Lamar Jackson sprinted back into the MVP race

Back in Week 11, the MVP race shifted. On November 17, Lamar Jackson and the Ravens lost a mess of a game to the Steelers in Pittsburgh, while Buffalo handed Kansas City its first and only loss of the season. From that moment on, Bills quarterback Josh Allen became the MVP front-runner. I understand why that happened, because after Allen beat Patrick Mahomes, he followed it up by going Superman in the snow against the 49ers and producing huge performances against the Rams and Lions. 

But on Christmas Day, Lamar Jackson re-entered the MVP conversation in a big way, reminding the rest of the NFL that he stands alone as the best athlete at the most important position in football.

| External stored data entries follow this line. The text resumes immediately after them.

(* For every word $\omega\in[n]^*$, the set $B_\omega\subseteq\mathbb{Z}^n$ is connected, where a subset of $\mathbb{Z}^n$ is regarded as a graph by joining two of its elements by an edge iff their Euclidean distance is $1$.
   Context: Let $[n]=\{1,\dots,n\}$, $e_1,\dots,e_n$ the standard basis of $\mathbb{Z}^n$; $\varepsilon$ is the empty word, $*$ concatenation. For words $\omega$ over $[n]$ define recursively $\delta^i_\omega\in\mathbb{Z}^n$: $\delta^i_\varepsilon=e_i$; $\delta^j_{\omega*j}=\delta^j_\omega$, $\delta^i_{\omega*j}=\delta^i_\omega-\delta^j_\omega$ for $i\ne j$. Let $B_\varepsilon=\{0\}$ and $B_{\omega*j}=B_\omega+\{0,\delta^j_\omega\}$ (Minkowski sum). *)

theory Defs
  imports Complex_Main "HOL-Library.Function_Algebras"
begin

(* Index set [n] is modelled by a finite type 'n; Z^n is 'n => int;
   words over [n] are lists of type 'n list (appending a letter = xs @ [j]). *)

definition unitvec :: "'n \<Rightarrow> ('n \<Rightarrow> int)" where
  "unitvec i = (\<lambda>k. if k = i then 1 else 0)"

(* delta on the reversed word: deltaR (j # w) corresponds to delta_(rev w * j) *)
fun deltaR :: "'n list \<Rightarrow> 'n \<Rightarrow> ('n \<Rightarrow> int)" where
  "deltaR [] i = unitvec i"
| "deltaR (j # w) i = (if i = j then deltaR w j else deltaR w i - deltaR w j)"

definition delta :: "'n list \<Rightarrow> 'n \<Rightarrow> ('n \<Rightarrow> int)" where
  "delta w i = deltaR (rev w) i"

fun BR :: "'n list \<Rightarrow> ('n \<Rightarrow> int) set" where
  "BR [] = {0}"
| "BR (j # w) = {b + d | b d. b \<in> BR w \<and> d \<in> {0, deltaR w j}}"

definition B :: "'n list \<Rightarrow> ('n \<Rightarrow> int) set" where
  "B w = BR (rev w)"

lemma delta_simps:
  "delta [] i = unitvec i"
  "delta (w @ [j]) j = delta w j"
  "i \<noteq> j \<Longrightarrow> delta (w @ [j]) i = delta w i - delta w j"
  by (simp_all add: delta_def)

lemma B_simps:
  "B [] = {0}"
  "B (w @ [j]) = {b + d | b d. b \<in> B w \<and> d \<in> {0, delta w j}}"
  by (simp_all add: B_def delta_def)

definition unit_dist :: "('n::finite \<Rightarrow> int) \<Rightarrow> ('n \<Rightarrow> int) \<Rightarrow> bool" where
  "unit_dist x y \<longleftrightarrow> sqrt (real_of_int (\<Sum>k\<in>UNIV. (x k - y k)^2)) = 1"

definition grid_connected :: "('n::finite \<Rightarrow> int) set \<Rightarrow> bool" where
  "grid_connected S \<longleftrightarrow>
     (\<forall>x\<in>S. \<forall>y\<in>S. (\<lambda>a b. a \<in> S \<and> b \<in> S \<and> unit_dist a b)\<^sup>*\<^sup>* x y)"

end

theory Submission
  imports Defs
begin

(* Appending a letter j to w gives B (w @ [j]) = B w \<union> (B w + delta w j), the union of a
   set with a translate of itself. Translates of connected sets are connected, so by induction
   it suffices to find one edge between the two halves. It comes from the invariant that for
   every i there are b, b' in B w with b + delta w i = b' + e_i, which is itself preserved by
   appending a letter. *)

definition grid_edge :: "('n::finite \<Rightarrow> int) set \<Rightarrow> ('n \<Rightarrow> int) \<Rightarrow> ('n \<Rightarrow> int) \<Rightarrow> bool" where
  "grid_edge S a b \<longleftrightarrow> a \<in> S \<and> b \<in> S \<and> unit_dist a b"

lemma grid_connected_iff_grid_edge:
  "grid_connected S \<longleftrightarrow> (\<forall>x\<in>S. \<forall>y\<in>S. (grid_edge S)\<^sup>*\<^sup>* x y)"
  unfolding grid_connected_def grid_edge_def ..

lemma unit_dist_sym: "unit_dist x y \<longleftrightarrow> unit_dist y x"
  unfolding unit_dist_def by (simp add: power2_commute)

lemma unit_dist_translate: "unit_dist (a + c) (b + c) \<longleftrightarrow> unit_dist a b"
  unfolding unit_dist_def by simp

lemma unit_dist_add_unitvec: "unit_dist x (x + unitvec k)"
proof -
  have "(\<Sum>t\<in>UNIV. (x t - (x + unitvec k) t)\<^sup>2) = (\<Sum>t\<in>UNIV. if t = k then 1 else 0::int)"
    by (rule sum.cong) (auto simp: unitvec_def)
  then show ?thesis
    unfolding unit_dist_def by simp
qed

lemma symp_grid_edge: "symp (grid_edge S)"
  unfolding grid_edge_def by (auto intro: sympI simp: unit_dist_sym)

lemma grid_edge_mono: "S \<subseteq> T \<Longrightarrow> grid_edge S \<le> grid_edge T"
  unfolding grid_edge_def by auto

lemma grid_connected_translate:
  assumes "grid_connected S"
  shows "grid_connected ((\<lambda>x. x + c) ` S)"
proof -
  have "(grid_edge ((\<lambda>x. x + c) ` S))\<^sup>*\<^sup>* (x + c) (y + c)" if "(grid_edge S)\<^sup>*\<^sup>* x y" for x y
    using that
  proof (induction rule: rtranclp_induct)
    case (step y z)
    then have "grid_edge ((\<lambda>x. x + c) ` S) (y + c) (z + c)"
      by (auto simp: grid_edge_def unit_dist_translate)
    with step.IH show ?case
      by (meson rtranclp.rtrancl_into_rtrancl)
  qed simp
  with assms show ?thesis
    unfolding grid_connected_iff_grid_edge by blast
qed

lemma grid_connected_Un:
  assumes S: "grid_connected S" and T: "grid_connected T"
    and "a \<in> S" "b \<in> T" "unit_dist a b"
  shows "grid_connected (S \<union> T)"
proof -
  let ?E = "grid_edge (S \<union> T)"
  have S_le: "(grid_edge S)\<^sup>*\<^sup>* \<le> ?E\<^sup>*\<^sup>*" and T_le: "(grid_edge T)\<^sup>*\<^sup>* \<le> ?E\<^sup>*\<^sup>*"
    by (simp_all add: rtranclp_mono grid_edge_mono)
  have "?E b a"
    using assms(3-5) by (simp add: grid_edge_def unit_dist_sym)
  have to_a: "?E\<^sup>*\<^sup>* x a" if "x \<in> S \<union> T" for x
  proof (cases "x \<in> S")
    case True
    with S \<open>a \<in> S\<close> S_le show ?thesis
      unfolding grid_connected_iff_grid_edge by blast
  next
    case False
    with that T \<open>b \<in> T\<close> T_le have "?E\<^sup>*\<^sup>* x b"
      unfolding grid_connected_iff_grid_edge by blast
    with \<open>?E b a\<close> show ?thesis
      by (meson rtranclp.rtrancl_into_rtrancl)
  qed
  have "?E\<^sup>*\<^sup>* x y" if "x \<in> S \<union> T" "y \<in> S \<union> T" for x y
  proof -
    have "?E\<^sup>*\<^sup>* a y"
      using to_a[OF \<open>y \<in> S \<union> T\<close>] by (rule sympD[OF symp_rtranclp[OF symp_grid_edge]])
    with to_a[OF \<open>x \<in> S \<union> T\<close>] show ?thesis
      by (rule rtranclp_trans)
  qed
  then show ?thesis
    unfolding grid_connected_iff_grid_edge by blast
qed

lemma BR_Cons [simp]: "BR (j # w) = BR w \<union> (\<lambda>b. b + deltaR w j) ` BR w"
  by (auto simp: image_def) (metis add.right_neutral)

declare BR.simps(2) [simp del]

lemma BR_deltaR_unitvec: "\<exists>b\<in>BR w. \<exists>b'\<in>BR w. b + deltaR w i = b' + unitvec i"
proof (induction w arbitrary: i)
  case (Cons j w)
  show ?case
  proof (cases "i = j")
    case True
    from Cons.IH[of j] obtain b b' where bb: "b \<in> BR w" "b' \<in> BR w"
      "b + deltaR w j = b' + unitvec j" by blast
    have "b + deltaR (j # w) i = b' + unitvec i"
      using True bb(3) by simp
    moreover have "b \<in> BR (j # w)" "b' \<in> BR (j # w)"
      using bb(1,2) by simp_all
    ultimately show ?thesis by blast
  next
    case False
    from Cons.IH[of i] obtain b b' where bb: "b \<in> BR w" "b' \<in> BR w"
      "b + deltaR w i = b' + unitvec i" by blast
    have "(b + deltaR w j) + deltaR (j # w) i = b' + unitvec i"
      using False bb(3) by (simp add: algebra_simps)
    moreover have "b + deltaR w j \<in> BR (j # w)" "b' \<in> BR (j # w)"
      using bb(1,2) by simp_all
    ultimately show ?thesis by blast
  qed
qed simp

lemma grid_connected_BR: "grid_connected (BR w)"
proof (induction w)
  case Nil
  show ?case
    by (simp add: grid_connected_def)
next
  case (Cons j w)
  obtain b b' where "b \<in> BR w" "b' \<in> BR w" and edge: "b' + unitvec j = b + deltaR w j"
    using BR_deltaR_unitvec[of w j] by metis
  have "b + deltaR w j \<in> (\<lambda>x. x + deltaR w j) ` BR w"
    using \<open>b \<in> BR w\<close> by blast
  moreover have "unit_dist b' (b + deltaR w j)"
    by (metis edge unit_dist_add_unitvec)
  ultimately show ?case
    unfolding BR_Cons
    by (rule grid_connected_Un[OF Cons.IH grid_connected_translate[OF Cons.IH] \<open>b' \<in> BR w\<close>])
qed

theorem lemma3p5:
  fixes w :: "'n::finite list"
  shows "grid_connected (B w)"
  unfolding B_def by (rule grid_connected_BR)

end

Because Jackson improved so much as a passer over the last few seasons, we don’t get to see him open up his stride and run anymore, testing the limits of his speed. Jackson has just two runs where he hit at least 20 mph the last two years—and one of those was on Wednesday, on his 48-yard touchdown run that effectively slammed the door on the Texans in the third quarter. It came out of a formation that was reminiscent of the Greg Roman days in Baltimore, with tight ends Isaiah Likely and Mark Andrews, and fullback Patrick Ricard joining Jackson in the backfield. As soon as Jackson pulled the ball to keep it himself, you knew something special was coming. Likely, Andrews, and Ricard each executed their blocks and Jackson went untouched.

Later in the third quarter, Jackson passed Michael Vick as the all-time leading rusher among quarterbacks, accomplishing the feat in 41 fewer games (but over 100 more attempts). It’s worth emphasizing that Jackson won’t turn 28 until next month, leaving plenty of time for him to create an inconceivable distance between him and the dual-threat quarterbacks in generations to come.

But Jackson also has a convincing case to win his third MVP based only on his play as a dropback passer this season. He works through his progression and hunts for chunk plays as efficiently as any quarterback you’ll come across in this sport, and if the throw he wants isn’t there, he’ll dance around and extend outside of the pocket like the NFL is a flag football league.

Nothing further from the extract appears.